Xavier Siebert ^*, Betty A. Eipper , Richard E. Mains , Sean T. Prigge , Ninian J. Blackburn  and L. Mario Amzel ^*

^* Biophysics and Biophysical Chemistry, Johns Hopkins University School of Medicine, Baltimore, Maryland; Neuroscience, University of Connecticut Health Center, Farmington, Connecticut; Molecular Microbiology and Immunology, Johns Hopkins University School of Public Health, Baltimore, Maryland; and Environmental and Biomolecular Systems, OGI School of Science and Engineering, Oregon Health and Science University, Beaverton, Oregon

Correspondence: Address reprint requests to L. Mario Amzel, E-mail: mario{at}neruda.med.jhmi.edu.
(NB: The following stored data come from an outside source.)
definition levelness :: "'a matroid \<Rightarrow> nat" where
  "levelness M = (LEAST k. \<forall>a c. facet_defining M a c \<longrightarrow> card (aff M a c ` verts M) \<le> k)"

definition minimally_level :: "'a matroid \<Rightarrow> nat \<Rightarrow> bool" where
  "minimally_level M k \<longleftrightarrow> levelness M = k \<and>
     (\<forall>N. matroid N \<and> proper_minor N M \<longrightarrow> levelness N < k)"

definition level_flacet :: "'a matroid \<Rightarrow> 'a set \<Rightarrow> nat \<Rightarrow> bool" where
  "level_flacet M F k \<longleftrightarrow> flacet M F \<and> card ((\<lambda>x. \<Sum>e\<in>F. x e) ` verts M) = k"

end

theory Submission
  imports Defs
begin

text \<open>
  Write \<open>E\<close> for the ground set and \<open>r\<close> for the rank. On the vertices of the base polytope the
  functional \<open>x(F)\<close> takes exactly the values between \<open>r(E) - r(E - F)\<close> and \<open>r(F)\<close>, so a
  \<open>k\<close>-level flacet has \<open>k = r(F) + r(E - F) - r(E) + 1\<close>. If \<open>k \<ge> 2\<close>, the inequality
  \<open>x(F) \<le> r(F)\<close> defines a facet: an affine function vanishing on its face is unchanged by the
  basis exchanges inside the face, and since \<open>M|F\<close> and \<open>M/F\<close> are connected these exchanges
  make it constant on \<open>F\<close> and on \<open>E - F\<close>. So a matroid with a \<open>k\<close>-level flacet has
  levelness at least \<open>k\<close>.

  Let \<open>M\<close> be minimally \<open>k\<close>-level; the empty minor, of levelness 1, gives \<open>k \<ge> 2\<close>. If
  \<open>r(F) \<noteq> k - 1\<close> then \<open>r(E - F) < r(E)\<close>, so some \<open>e \<in> F\<close> lies outside the closure of
  \<open>E - F\<close>. By Tutte's theorem either \<open>M|(F - e)\<close> or \<open>(M|F)/e\<close> is connected, and accordingly
  \<open>F - e\<close> is a \<open>k\<close>-level flacet of the proper minor \<open>M \ e\<close> or \<open>M/e\<close>, which contradicts
  minimality.
\<close>

section \<open>Bases, independence and rank\<close>

definition basis_of :: "'a matroid \<Rightarrow> 'a set \<Rightarrow> 'a set \<Rightarrow> bool" where
  "basis_of M S I \<longleftrightarrow> I \<subseteq> S \<and> indep M I \<and> (\<forall>J. I \<subset> J \<and> J \<subseteq> S \<longrightarrow> \<not> indep M J)"

lemma bases_restrict: "bases (restrict M S) = {I. basis_of M S I}"
  by (simp add: bases_def restrict_def basis_of_def)

lemma ground_restrict [simp]: "ground (restrict M S) = S"
  by (simp add: ground_def restrict_def)

lemma ground_contract [simp]: "ground (contract M S) = ground M - S"
  by (simp add: ground_def contract_def)

lemma bases_contract: "bases (contract M C) = {B - C | B. B \<in> bases M \<and> card (B \<inter> C) = rk M C}"
  by (simp add: bases_def contract_def)

lemma matroid_eqI: "ground X = ground Y \<Longrightarrow> bases X = bases Y \<Longrightarrow> X = Y"
  by (simp add: ground_def bases_def prod_eq_iff)

locale basis_matroid =
  fixes M :: "'a matroid"
  assumes matroid: "matroid M"
begin

lemma finite_ground: "finite (ground M)"
  using matroid by (simp add: matroid_def)

lemma bases_nonempty: "bases M \<noteq> {}"
  using matroid by (simp add: matroid_def)

lemma basis_subset_ground: "B \<in> bases M \<Longrightarrow> B \<subseteq> ground M"
  using matroid by (simp add: matroid_def)

lemma finite_basis: "B \<in> bases M \<Longrightarrow> finite B"
  using basis_subset_ground finite_ground finite_subset by blast

lemma basis_exchange:
  "B1 \<in> bases M \<Longrightarrow> B2 \<in> bases M \<Longrightarrow> x \<in> B1 - B2 \<Longrightarrow> \<exists>y\<in>B2 - B1. insert y (B1 - {x}) \<in> bases M"
  using matroid by (simp add: matroid_def)

lemma finite_bases: "finite (bases M)"
  using finite_ground basis_subset_ground by (blast intro: finite_subset[of _ "Pow (ground M)"])

lemma basis_exchange_induct [consumes 2, case_names target exchange]:
  assumes "B \<in> bases M" "B' \<in> bases M" and "P B'"
    and exchange: "\<And>B x y. B \<in> bases M \<Longrightarrow> x \<in> B - B' \<Longrightarrow> y \<in> B' - B \<Longrightarrow>
        insert y (B - {x}) \<in> bases M \<Longrightarrow> P (insert y (B - {x})) \<Longrightarrow> P B"
  shows "P B"
  using assms(1)
proof (induction "card (B - B')" arbitrary: B)
  case 0
  then have "B \<subseteq> B'"
    using finite_basis by auto
  moreover have "B' \<subseteq> B"
    using basis_exchange[OF assms(2) \<open>B \<in> bases M\<close>] \<open>B \<subseteq> B'\<close> by blast
  ultimately show ?case
    using \<open>P B'\<close> by simp
next
  case (Suc n)
  then obtain x where x: "x \<in> B - B'"
    by (metis card.empty ex_in_conv nat.distinct(1))
  then obtain y where y: "y \<in> B' - B" "insert y (B - {x}) \<in> bases M"
    using basis_exchange[OF Suc.prems assms(2)] by blast
  have "insert y (B - {x}) - B' = (B - B') - {x}"
    using x y by auto
  then have "n = card (insert y (B - {x}) - B')"
    using Suc.hyps(2) x finite_basis[OF Suc.prems] by simp
  then show ?case
    using Suc.hyps(1) y exchange[OF Suc.prems x] by blast
qed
Many bioactive peptides require amidation of their carboxy terminus to exhibit full biological activity. Peptidylglycine -hydroxylating monooxygenase (PHM; EC 1.14.17.3), the enzyme that catalyzes the first of the two steps of this reaction, is composed of two domains, each of which binds one copper atom (CuH and CuM). The CuM site includes Met³¹⁴ and two His residues as ligands. Mutation of Met³¹⁴ to Ile inactivates PHM, but has only a minimal effect on the EXAFS spectrum of the oxidized enzyme, implying that it contributes only marginally to stabilization of the CuM site. To characterize the role of Met³¹⁴ as a CuM ligand, we determined the structure of the Met³¹⁴Ile-PHM mutant. Since the mutant protein failed to crystallize in the conditions of the original wild-type protein, this structure determination required finding a new crystal form. The Met³¹⁴Ile-PHM mutant structure confirms that the mutation does not abolish CuM binding to the enzyme, but causes other structural perturbations that affect the overall stability of the enzyme and the integrity of the CuH site. To eliminate possible effects of crystal contacts, we redetermined the structure of wt-PHM in the Met³¹⁴Ile-PHM crystal form and showed that it does not differ from the structure of wild-type (wt)-PHM in the original crystals. Met³¹⁴Ile-PHM was also shown to be less stable than wt-PHM by differential scanning calorimetry. Both structural and calorimetric studies point to a structural role for the CuM site, in addition to its established catalytic role.